Marco Amenta: It’s a different film, but it’s part of the same path. I come from a realist background, I was a photojournalist reporting on wars and mafia stories, then I moved into documentaries, primarily exploring social themes, and then into fiction. La siciliana ribelle was a realist mafia story, but the girl’s psychological journey was also a significant part of that film too. I think that film is interesting because it’s a window which lets us see inside characters’ minds, inside their inner worlds. In real life, we can’t read people’s minds, we don’t know what road they’ve travelled.

You’ve taken that idea even further here.
This film is even more psychological. Salvo and Lea are a separated couple who are still in love, they have a tumultuous relationship, they set off on a journey between two islands, Sicily and Sardinia, between the sea and the land; they clash, and they fall in love with one another again, they face up to their past. But they’re also embarking on a psychological journey. There are two storylines: the journey in the present day, which is linear, with ships, nocturnal streets, wild and remote scenery; and the inner journey, especially inside Salvo’s mind, which isn’t linear because the mind goes back and forth and goes down the road of the unconscious and of hallucination. It’s an uneven path, full of holes which the viewer needs to fill in. It’s a less realist film which brings to mind authors like Lynch and Tarkovsky, who had the courage to tell a fragmented story rather than serving it up on a platter.

It’s definitely one of those films which need to be seen at the cinema.
Films which tell fragmented stories place viewers in front of works which are less easy to follow, that’s why you need to watch it in a cinema, in order to immerse yourself in the journey, which is also conveyed via images and sound, which are harder to decipher on videos or platforms. Pasquale Catalano and I worked hard on the music, which is enveloping and occasionally discordant with its distorted sounds and noises reminiscent of other things. In a movie theatre, you can use sound to its full effect, as you can with images and their epic potential. There are no clear answers, in various scenes, reality blends with dream. It’s an experimental form of cinema which is of growing importance today, setting itself apart from the films screened by platforms; it’s an aesthetic experience, a film where you can also lose yourself if you want to. That’s why I waited for lockdown to be over and didn’t give in to the temptation of releasing the film on a platform, because we have to try to protect the cinema medium.

Despite the evolution of your filmography, you’ve maintained your link with powerful social themes.
It’s a love story but in the background there’s the journey embarked upon by Salvo who wants to return the body of this migrant, whom he was unable to save, to his wife. It speaks of the tragedy experienced by so many migrants who die in the Mediterranean, who can’t be properly mourned by their loved ones because they don’t often find their bodies. It’s a tragedy specific to our century.

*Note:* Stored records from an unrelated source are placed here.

(* Consider the large system limit $B\to\infty$ with a fixed content catalogue $\mathcal{C}$ and fixed normalized popularities $\{\hat{\nu}_c\}$ (so that $\nu_c=\hat{\nu}_c\rho BU$). Then the ``hot-warm-cold'' placement strategy achieves an asymptotic absorbed traffic load (load served either by local service or by download from another box, normalized by $BU$) equal to $$\tilde{\rho} = \sum_{c=1}^{c^*}\rho_c + (\rho_{c^*+1}+1)\left(1 - \sum_{c=M}^{c^*} \frac{\rho_c}{1+\rho_c}\right),$$ which is an upper bound on the absorbed load achievable by any placement; hence the hot-warm-cold strategy is asymptotically optimal in this sense.
   Context: Pure Peer-to-Peer Network setting: there are $B$ boxes, each caching up to $M$ contents and able to serve up to $U$ concurrent requests (uplink bandwidth $U$ times the streaming rate, normalized to 1); all videos have duration 1. Requests for content $c$ arrive as a Poisson process of rate $\nu_c$, each originating from a box chosen uniformly at random; if the requesting box already caches $c$, the request receives ``local service'' consuming no bandwidth, otherwise it must be served by another box holding $c$, and it is accepted if the resulting vector of ongoing downloads can be matched to boxes holding the contents within their bandwidth (repacking allowed), otherwise rejected (loss network). The system load is $\rho=\sum_c\nu_c/(BU)$ and $\rho_c\triangleq\rho\hat{\nu}_c$, with contents indexed in descending order of popularity. Let $\tilde{m}_c$ be the fraction of boxes caching $c$ and $\lambda_c$ the fraction of system bandwidth used to serve $c$ (with $\lambda_c\le\tilde m_c$, $\sum_c\lambda_c\le1$, $\sum_c\tilde m_c=M$); the absorbed load is upper bounded by $\sum_c \rho_c\tilde m_c+[\rho_c(1-\tilde m_c)]\wedge\lambda_c$, and the maximum of this bound over all such $(\tilde m,\lambda)$ equals $\tilde\rho$ above. The ``hot-warm-cold'' placement: every box stores the $M-1$ most popular contents (``hot''); in its remaining slot, a fraction $\tilde m_c=\rho_c/(1+\rho_c)$ of boxes store content $c$ for $M\le c\le c^*$, and a fraction $\tilde m_{c^*+1}=1-\sum_{c=M}^{c^*}\rho_c/(1+\rho_c)$ store content $c^*+1$ (``warm''), where $c^*$ satisfies $\sum_{c=M}^{c^*}\rho_c/(1+\rho_c)\le1<\sum_{c=M}^{c^*+1}\rho_c/(1+\rho_c)$; all remaining contents (``cold'') are not cached. *)

theory Defs
  imports "HOL-Analysis.Analysis"
begin

text \<open>Contents are indexed 1..N in descending order of popularity; boxes are 0..B-1.
A placement for B boxes is a map P from boxes to the set of contents they cache.\<close>

definition placement :: "nat \<Rightarrow> nat \<Rightarrow> nat \<Rightarrow> (nat \<Rightarrow> nat set) \<Rightarrow> bool" where
  "placement N M B P \<longleftrightarrow> (\<forall>b<B. P b \<subseteq> {1..N} \<and> card (P b) \<le> M)"

definition frac :: "nat \<Rightarrow> (nat \<Rightarrow> nat set) \<Rightarrow> nat \<Rightarrow> real" where
  "frac B P c = real (card {b \<in> {..<B}. c \<in> P b}) / real B"

text \<open>A vector n of ongoing (non-local) downloads is feasible if it can be matched
to boxes holding the contents, each box serving at most U downloads (repacking allowed).\<close>
definition feasible :: "nat \<Rightarrow> nat \<Rightarrow> nat \<Rightarrow> (nat \<Rightarrow> nat set) \<Rightarrow> (nat \<Rightarrow> nat) \<Rightarrow> bool" where
  "feasible N B U P n \<longleftrightarrow>
     (\<forall>c. c \<notin> {1..N} \<longrightarrow> n c = 0) \<and>
     (\<exists>x :: nat \<Rightarrow> nat \<Rightarrow> nat.
        (\<forall>c b. 0 < x c b \<longrightarrow> c \<in> {1..N} \<and> b < B \<and> c \<in> P b) \<and>
        (\<forall>c\<in>{1..N}. (\<Sum>b<B. x c b) = n c) \<and>
        (\<forall>b<B. (\<Sum>c\<in>{1..N}. x c b) \<le> U))"

definition states :: "nat \<Rightarrow> nat \<Rightarrow> nat \<Rightarrow> (nat \<Rightarrow> nat set) \<Rightarrow> (nat \<Rightarrow> nat) set" where
  "states N B U P = {n. feasible N B U P n}"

What stage are you at with your new fiction project Anna?
It will be shot in 2022. It’s a co-production involving the French producer Antoine de Clermont-Tonnerre (Mact Productions), a project acknowledged on a European level by both Media and Eurimages. We’ve got the support of the Sardinia region and we’re waiting for the final funding to come through. I’m now in the process of looking for the film’s protagonist - it’s a story about a strong woman. It will be more of a realist film which will see me return to a more linear narrative, but this will be an unconventional character too, who’s shady, full of defects and idiosyncrasies, but who still has quite a fight on her hands.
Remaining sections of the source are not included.